Histoires

Des fouilles archéologiques ont permis de déterminer que des chasseurs-éleveurs avaient immigré de l’Écosse vers l’Irlande vers 7 000 av. J.-C., et que 4 000 ans plus tard, leur société était devenue une société de type agraire. Au IVe siècle av. J.-C., des tribus celtiques venues d’Europe envahirent la région. La population fut divisée en clans (tuatha) et le pays en cinq royaumes : Connaught, Leinster, Meath, Munster et Ulster.

En l’an 432 de notre ère, le missionnaire chrétien saint Patrick arriva en Irlande ; à sa mort, une trentaine d’années plus tard, toute la population de l’île avait été convertie au christianisme. Les moines irlandais commencèrent alors à transcrire l’histoire et les traditions du pays. Les Vikings envahirent et pillèrent une grande partie du pays au début du IXe siècle. Ils fondèrent des villes en bordure des rivières et c’est ainsi que naquirent Dublin, Waterford, Cork et Limerick. Les Vikings furent chassés en 1014, et la région tomba aux mains des Anglais, qui commencèrent à étendre leur domination sur le pays. Au XIIe siècle, le christianisme irlandais passa sous le contrôle de l’Église catholique romaine.

Aux XVIe et XVIIe siècles, pendant la Réforme, les Anglais tentèrent de convertir les Irlandais au protestantisme : ils persécutèrent les prêtres et les évêques, et condamnèrent les pratiques religieuses catholiques. Au cours du XVIIe siècle, ils évincèrent de nombreux Catholiques irlandais du nord et distribuèrent leurs terres aux Protestants anglais et écossais.

Quand Jacques II, qui était catholique, fut sacré roi d’Angleterre en 1685, les Irlandais crurent pouvoir reprendre possession de leurs terres. Mais le roi fut détrôné trois ans plus tard. Il se rendit alors en Irlande, où il leva une armée dans le but de reconquérir le trône. Il dut cependant s’incliner devant le roi protestant, Guillaume III, à la bataille de Boyne, en 1690. Durant les cent années qui suivirent, l’Angleterre renforça son emprise sur l’Irlande, et toutes les richesses du pays passèrent entre les mains des Anglo-Irlandais. En 1798, les Irlandais se rebellèrent contre les Anglais, mais en vain. À l’issue du soulèvement, le parlement irlandais fut aboli, et l’Irlande fut rattachée au Royaume-Uni par l’acte d’Union de 1800. Au cours du XIXe siècle, les Irlandais tentèrent à plusieurs reprises de reprendre le contrôle de leur pays, mais sans succès.
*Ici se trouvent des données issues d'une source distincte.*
text \<open>A symmetric matrix vanishing on the orthonormal columns of \<open>U\<close> is positive
  semidefinite as soon as its quadratic form is nonnegative on their orthogonal complement:
  \<open>x\<close> and its projection \<open>y = x - U U\<^sup>T x\<close> onto that complement give the same value.\<close>

lemma psd_from_orthogonal_complement:
  fixes N U :: "real mat"
  assumes N: "N \<in> carrier_mat S S" "transpose_mat N = N"
    and U: "U \<in> carrier_mat S k" "transpose_mat U * U = 1\<^sub>m k" and NU: "N * U = 0\<^sub>m S k"
    and compl: "\<And>y. y \<in> carrier_vec S \<Longrightarrow> transpose_mat U *\<^sub>v y = 0\<^sub>v k \<Longrightarrow> 0 \<le> y \<bullet> (N *\<^sub>v y)"
  shows "\<forall>x\<in>carrier_vec S. 0 \<le> x \<bullet> (N *\<^sub>v x)"
proof
  fix x :: "real vec" assume x: "x \<in> carrier_vec S"
  define y where "y = x - U *\<^sub>v (transpose_mat U *\<^sub>v x)"
  have y: "y \<in> carrier_vec S" using x U by (simp add: y_def)
  have w: "transpose_mat U *\<^sub>v x \<in> carrier_vec k" using x U by simp
  have Uty: "transpose_mat U *\<^sub>v y = 0\<^sub>v k"
  proof -
    have "transpose_mat U *\<^sub>v (U *\<^sub>v (transpose_mat U *\<^sub>v x)) = transpose_mat U *\<^sub>v x"
      using assoc_mult_mat_vec[of "transpose_mat U" k S U k, OF _ U(1) w] U w by simp
    thus ?thesis
      unfolding y_def using x U by (simp add: mult_minus_distrib_mat_vec[of "transpose_mat U" k S])
  qed
  have Ny: "N *\<^sub>v y = N *\<^sub>v x"
  proof -
    have "N *\<^sub>v (U *\<^sub>v (transpose_mat U *\<^sub>v x)) = 0\<^sub>v S"
      using assoc_mult_mat_vec[of N S S U k, OF N(1) U(1) w] NU w by simp
    thus ?thesis unfolding y_def using N x U by (simp add: mult_minus_distrib_mat_vec[of N S S])
  qed
  have "x \<bullet> (N *\<^sub>v x) = y \<bullet> (N *\<^sub>v y)"
    using symmetric_bilinear_form[OF N x y] Ny by simp
  thus "0 \<le> x \<bullet> (N *\<^sub>v x)" using compl[OF y Uty] by simp
qed

lemma deflation:
  fixes M U Lam :: "real mat"
  assumes M: "M \<in> carrier_mat S S" "transpose_mat M = M"
    and psd: "\<forall>x\<in>carrier_vec S. 0 \<le> x \<bullet> (M *\<^sub>v x)"
    and U: "U \<in> carrier_mat S k" "transpose_mat U * U = 1\<^sub>m k"
    and Lam: "Lam \<in> carrier_mat k k" "transpose_mat Lam = Lam"
    and eig: "M * U = U * Lam"
  defines "N \<equiv> M - U * Lam * transpose_mat U"
  shows "N \<in> carrier_mat S S" and "transpose_mat N = N" and "transpose_mat U * N = 0\<^sub>m k S"
    and "\<And>x. x \<in> carrier_vec S \<Longrightarrow> transpose_mat U *\<^sub>v x = 0\<^sub>v k \<Longrightarrow> N *\<^sub>v x = M *\<^sub>v x"
    and "\<forall>x\<in>carrier_vec S. 0 \<le> x \<bullet> (N *\<^sub>v x)"
proof -
  have d[simp]: "dim_row M = S" "dim_col M = S" "dim_row U = S" "dim_col U = k"
    "dim_row Lam = k" "dim_col Lam = k"
    using M U Lam by auto
  show N: "N \<in> carrier_mat S S" unfolding N_def carrier_mat_def by simp
  show Nt: "transpose_mat N = N"
    unfolding N_def using M U Lam
    by (simp add: transpose_minus[of _ S S] transpose_mult_dims mult_assoc_dims)
  have "N * U = M * U - U * Lam * (transpose_mat U * U)"
    unfolding N_def using M U Lam by (simp add: minus_mult_distrib_mat[of _ S S] mult_assoc_dims)
  hence NU: "N * U = 0\<^sub>m S k" using eig U Lam by simp
  show "transpose_mat U * N = 0\<^sub>m k S"
    using arg_cong[OF NU, of transpose_mat] Nt N by (simp add: transpose_mult_dims)
  have Nx: "N *\<^sub>v x = M *\<^sub>v x" if x: "x \<in> carrier_vec S" "transpose_mat U *\<^sub>v x = 0\<^sub>v k" for x
    unfolding N_def using x M U Lam
    by (simp add: minus_mult_distrib_mat_vec[of _ S S] mult_mat_vec_assoc_dims)
  thus "\<And>x. x \<in> carrier_vec S \<Longrightarrow> transpose_mat U *\<^sub>v x = 0\<^sub>v k \<Longrightarrow> N *\<^sub>v x = M *\<^sub>v x" .
  show "\<forall>x\<in>carrier_vec S. 0 \<le> x \<bullet> (N *\<^sub>v x)"
    using psd_from_orthogonal_complement[OF N Nt U NU] Nx psd by simp
qed

text \<open>Otherwise the deflated matrix would be a nonzero positive semidefinite
  matrix, and a positive eigenvector of it would be an eigenvector of \<open>M\<close> orthogonal to
  the columns of \<open>U\<close>.\<close>

lemma spectral_decomposition:
  fixes M U Lam :: "real mat"
  assumes M: "M \<in> carrier_mat S S" "transpose_mat M = M"
    and psd: "\<forall>x\<in>carrier_vec S. 0 \<le> x \<bullet> (M *\<^sub>v x)"
    and U: "U \<in> carrier_mat S k" "transpose_mat U * U = 1\<^sub>m k"
    and Lam: "Lam \<in> carrier_mat k k" "transpose_mat Lam = Lam"
    and eig: "M * U = U * Lam"
    and complete: "\<forall>x\<in>carrier_vec S. \<forall>c::real. c > 0 \<longrightarrow> M *\<^sub>v x = c \<cdot>\<^sub>v x \<longrightarrow> in_col_span U x"
  shows "M = U * Lam * transpose_mat U"
proof (rule ccontr)
  define N where "N = M - U * Lam * transpose_mat U"
  note defl = deflation[OF M psd U Lam eig, folded N_def]
  have M_split: "M = N + U * Lam * transpose_mat U"
    unfolding N_def by (rule eq_matI) (use M U Lam in auto)
  assume "M \<noteq> U * Lam * transpose_mat U"
  hence "N \<noteq> 0\<^sub>m S S" using M_split U Lam by auto
  from psd_nonzero_positive_eigenvalue[OF defl(1,2) defl(5) this] obtain x c
    where x: "x \<in> carrier_vec S" "x \<noteq> 0\<^sub>v S" and c: "c > 0" and Nx: "N *\<^sub>v x = c \<cdot>\<^sub>v x" by blast
  have "c \<cdot>\<^sub>v (transpose_mat U *\<^sub>v x) = transpose_mat U *\<^sub>v (N *\<^sub>v x)"
    using Nx U x by (simp add: mult_mat_vec[of _ k S])
  also have "\<dots> = 0\<^sub>v k" using defl(1,3) U x by (simp add: mult_mat_vec_assoc_dims[symmetric])
  finally have cUtx: "c \<cdot>\<^sub>v (transpose_mat U *\<^sub>v x) = 0\<^sub>v k" .
  have "transpose_mat U *\<^sub>v x = (1 / c) \<cdot>\<^sub>v (c \<cdot>\<^sub>v (transpose_mat U *\<^sub>v x))"
    using c by (simp add: smult_smult_assoc)
  also have "\<dots> = 0\<^sub>v k" unfolding cUtx by (intro eq_vecI) auto
  finally have Utx: "transpose_mat U *\<^sub>v x = 0\<^sub>v k" .
  obtain a where a: "a \<in> carrier_vec k" "x = U *\<^sub>v a"
    using complete x c Nx defl(4)[OF x(1) Utx] U unfolding in_col_span_def by auto
  have "a = transpose_mat U *\<^sub>v x" using a U by (simp add: mult_mat_vec_assoc_dims[symmetric])
  hence "x = 0\<^sub>v S" using a Utx U by simp
  thus False using x by simp
qed

lemma diagonal_mat_diag:
  fixes D :: "'a::zero mat"
  assumes "D \<in> carrier_mat n n" "diagonal_mat D"
  shows "D = mat_diag n (\<lambda>i. D $$ (i,i))"
  using assms unfolding diagonal_mat_def mat_diag_def by (intro eq_matI) auto

lemma diagonal_mult_left_index:
  fixes D C :: "'a::semiring_0 mat"
  assumes "D \<in> carrier_mat n n" "diagonal_mat D" "C \<in> carrier_mat n m" "i < n" "j < m"
  shows "(D * C) $$ (i,j) = D $$ (i,i) * C $$ (i,j)"
  using assms by (subst diagonal_mat_diag[OF assms(1,2)]) (simp add: mat_diag_mult_left[of _ n m])

lemma diagonal_mult_right_index:
  fixes D C :: "'a::semiring_0 mat"
  assumes "D \<in> carrier_mat m m" "diagonal_mat D" "C \<in> carrier_mat n m" "i < n" "j < m"
  shows "(C * D) $$ (i,j) = C $$ (i,j) * D $$ (j,j)"
  using assms by (subst diagonal_mat_diag[OF assms(1,2)]) (simp add: mat_diag_mult_right[of _ n m])

lemma diagonal_transpose:
  fixes D :: "'a::zero mat"
  assumes "D \<in> carrier_mat n n" "diagonal_mat D"
  shows "transpose_mat D = D"
proof (rule eq_matI)
  fix i j assume "i < dim_row D" "j < dim_col D"
  thus "transpose_mat D $$ (i,j) = D $$ (i,j)"
    using assms by (cases "i = j") (auto simp: diagonal_mat_def)
qed (use assms in auto)

lemma nonzero_decr_diagD:
  assumes "nonzero_decr_diag n D"
  shows "D \<in> carrier_mat n n" "diagonal_mat D" "\<forall>i<n. D $$ (i,i) \<noteq> 0"
  using assms unfolding nonzero_decr_diag_def by auto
En avril 1916, à Dublin, un groupe de révolutionnaires déclara l’indépendance de l’Irlande : c’est ce que l’on appela la « Révolte de Pâques ». Les Britanniques étouffèrent la révolte, mais celle-ci alimenta le nationalisme irlandais. Lors des élections de 1918, les républicains irlandais obtinrent une majorité de sièges au parlement anglais. Mais plutôt que d’aller à Londres, ils implantèrent leur propre parlement à Dublin. Le 21 janvier 1919, ils déclarèrent à nouveau l’indépendance de l’Irlande, ce qui conduisit à la guerre anglo-irlandaise. Le traité anglo-irlandais de décembre1921 mit fin à la guerre. Les 26 comtés du sud constituèrent le nouvel État libre d’Irlande, et les six comtés du nord, peuplés en grande partie de Protestants, demeurèrent rattachés au Royaume-Uni. Si la Chambre des députés irlandaise accepta le traité, une bonne partie de la population s’y opposa. S’ensuivit une guerre civile qui dura jusqu’en 1923. Le 18 avril 1949, l’État libre d’Irlande rompit tout lien officiel avec la Grande-Bretagne et devint une république indépendante. Les nationalistes irlandais espèrent que le XXIe siècle verra enfin la réunification des deux Irlandes.